Wednesday, December 1, 2010


The title is a bit vague. This might be an on-going topic I address over and over.

Oh well.

This week, I've been watching the Ken Burns and Dayton Duncan The National Parks: America’s Best Idea PBS series that came out last year. I'd not seen most of the series yet, and people comment about it when they visit our parks, so I thought I needed to watch the series in its entirety.

I'm not going to comment on quality, breadth of content, etc. That's up to each person's point of view. But I do like history a bit and I think the photography has been beautiful. :)

The thing that - almost unknowingly - hits me is that this series has the ability to grip emotions if you let it. Or if you are moved by these great parks as I am. Several influential early park proponents went into the moutains for their health. They talked and wrote of spiritual experiences they had.

I can identify with them. And I'm thankful that there were people willing to set aside places for breathing mountain air, for renewal, for escaping the 'everyday' world.
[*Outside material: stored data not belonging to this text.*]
(* Let $K$ be an algebraically closed field of characteristic zero, $\mathcal{K}=K(t)$, $f(z) = z^2+t$, and $\alpha \in \mathcal{K}$. Then $\alpha$ does not realize portrait $(1,2)$ for $f$ if and only if $\alpha = 1/2$ or $\alpha$ satisfies condition $( * )$: \begin{itemize} \item $\alpha$ vanishes at $\mathfrak{p}_{-1}$; \item $\alpha^2 - \alpha + t + 1$ vanishes at $\mathfrak{p}_{-1}$, and possibly at $\mathfrak{p}_{-3/4}$, but at no other place; and \item if $\alpha^2 - \alpha + t + 1$ vanishes at $\mathfrak{p}_{-3/4}$, then $\alpha - 1/2$ also vanishes at $\mathfrak{p}_{-3/4}$. \end{itemize} Moreover, if in this case $\alpha^2-\alpha+t+1$ vanishes at $\mathfrak{p}_{-3/4}$, then it does so to order $1$.
   Context: Places of $\mathcal{K}$ are those trivial on $K$, corresponding to $c\in\mathbb{P}^1(K)$; $\mathfrak{p}_c$ is the place at $t=c$, and an element vanishes at a place if its valuation there is positive. (Note $\alpha^2-\alpha+t+1 = \Phi_2(-\alpha,t)$ with $\Phi_2(z,t) = z^2+z+t+1$ the second dynatomic polynomial of $f$.) For $c \in K$, $f_c(z) = z^2+c$. A point $x$ has preperiodic portrait $(M,N)$ for $\phi$ if $M\ge0$ is minimal with $\phi^M(x)$ periodic and $\phi^M(x)$ has exact period $N$. We say $\alpha$ realizes portrait $(M,N)$ for $f$ if there exists $c \in K$ such that $\alpha(c)$ (reduction modulo $\mathfrak{p}_c$) has portrait $(M,N)$ for $f_c$. *)

theory Defs
  imports "HOL-Computational_Algebra.Polynomial" "HOL-Computational_Algebra.Fraction_Field"
begin

text \<open>The rational function field K(t) is modelled as the fraction field
  'a poly fract of the polynomial ring K[t].  Places of K(t)/K correspond to
  points of P^1(K): a finite point c, or infinity.\<close>

datatype 'a place = Fin 'a | Infty

text \<open>Valuation of a nonzero rational function at a place, computed from any
  representation p/q (it is independent of the representation).\<close>
definition pval :: "'a::idom place \<Rightarrow> 'a poly \<Rightarrow> int" where
  "pval P p = (case P of Fin c \<Rightarrow> int (order c p) | Infty \<Rightarrow> - int (degree p))"

definition rf_val :: "'a::field place \<Rightarrow> 'a poly fract \<Rightarrow> int" where
  "rf_val P \<alpha> = (THE v. \<exists>p q. p \<noteq> 0 \<and> q \<noteq> 0 \<and> \<alpha> = Fract p q \<and> v = pval P p - pval P q)"

text \<open>An element vanishes at a place if its valuation there is positive
  (the zero element has valuation +infinity).\<close>
definition vanishes_at :: "'a::field place \<Rightarrow> 'a poly fract \<Rightarrow> bool" where
  "vanishes_at P \<alpha> \<longleftrightarrow> \<alpha> = 0 \<or> rf_val P \<alpha> > 0"

definition regular_at :: "'a::field \<Rightarrow> 'a poly fract \<Rightarrow> bool" where
  "regular_at c \<alpha> \<longleftrightarrow> \<alpha> = 0 \<or> rf_val (Fin c) \<alpha> \<ge> 0"

definition eval_at :: "'a::field \<Rightarrow> 'a poly fract \<Rightarrow> 'a" where
  "eval_at c \<alpha> = (THE x. \<exists>p q. q \<noteq> 0 \<and> poly q c \<noteq> 0 \<and> \<alpha> = Fract p q \<and> x = poly p c / poly q c)"

definition tvar :: "'a::field poly fract" where
  "tvar = Fract [:0, 1:] 1"

definition is_periodic :: "('a \<Rightarrow> 'a) \<Rightarrow> 'a \<Rightarrow> bool" where
  "is_periodic \<phi> y \<longleftrightarrow> (\<exists>n>0. (\<phi> ^^ n) y = y)"

definition exact_period :: "('a \<Rightarrow> 'a) \<Rightarrow> 'a \<Rightarrow> nat \<Rightarrow> bool" where
  "exact_period \<phi> y N \<longleftrightarrow> N > 0 \<and> (\<phi> ^^ N) y = y \<and> (\<forall>n. 0 < n \<and> n < N \<longrightarrow> (\<phi> ^^ n) y \<noteq> y)"

definition has_portrait :: "('a \<Rightarrow> 'a) \<Rightarrow> 'a \<Rightarrow> nat \<Rightarrow> nat \<Rightarrow> bool" where
  "has_portrait \<phi> x M N \<longleftrightarrow>
     is_periodic \<phi> ((\<phi> ^^ M) x) \<and> (\<forall>m<M. \<not> is_periodic \<phi> ((\<phi> ^^ m) x)) \<and>
     exact_period \<phi> ((\<phi> ^^ M) x) N"

definition realizes :: "'a::field poly fract \<Rightarrow> nat \<Rightarrow> nat \<Rightarrow> bool" where
  "realizes \<alpha> M N \<longleftrightarrow>
     (\<exists>c. regular_at c \<alpha> \<and> has_portrait (\<lambda>z. z ^ 2 + c) (eval_at c \<alpha>) M N)"

end

theory Submission
  imports Defs
begin

text \<open>Write \<open>\<alpha> = p/q\<close> with \<open>p, q\<close> without common root.  The reduction \<open>x = p(c)/q(c)\<close> has
  portrait (1,2) for \<open>z\<^sup>2 + c\<close> iff \<open>x\<^sup>2 - x + c + 1 = 0\<close>, \<open>x \<noteq> 0\<close> and \<open>x \<noteq> 1/2\<close>, so \<open>\<alpha>\<close> fails to
  realize (1,2) iff at every root of the numerator \<open>N = p\<^sup>2 - pq + (t+1)q\<^sup>2\<close> of
  \<open>\<alpha>\<^sup>2 - \<alpha> + t + 1\<close> one of \<open>p\<close> and \<open>r = 2p - q\<close> vanishes.  Completing the square,
  \<open>4N = r\<^sup>2 + (4t+3)q\<^sup>2\<close>, so a root of \<open>N\<close> killing \<open>p\<close> is \<open>-1\<close>, a root killing \<open>r\<close> is \<open>-3/4\<close>,
  and there \<open>N\<close> vanishes simply.  If \<open>r \<noteq> 0\<close> (i.e. \<open>\<alpha> \<noteq> 1/2\<close>), the roots of \<open>N\<close> cannot all
  be \<open>-3/4\<close>, so \<open>-1\<close> is one of them.\<close>

section \<open>Valuations and reductions of quotients of polynomials\<close>

lemma pval_mult: "x \<noteq> 0 \<Longrightarrow> y \<noteq> 0 \<Longrightarrow> pval P (x * y) = pval P x + pval P y"
  by (cases P) (auto simp: pval_def order_mult degree_mult_eq)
Watching this series, too, I find myself wanting to be more of an outspoken advocate. I feel compelled to act. To do more.

“National parks embody an idea as uniquely American as the Declaration of Independence and just as radical: that the most magnificent and sacred places in our land belong not to royalty or the rich but to everyone- and for all time,” said Burns. “While making this series, we discovered more than stories of the most dramatic landscapes on earth. We discovered stories of remarkable people from every conceivable background. What they had in common was a passion to save some precious portion of the land they loved so that those of us who followed might have the same chance to fall in love with that place. Without them, parks would not exist.”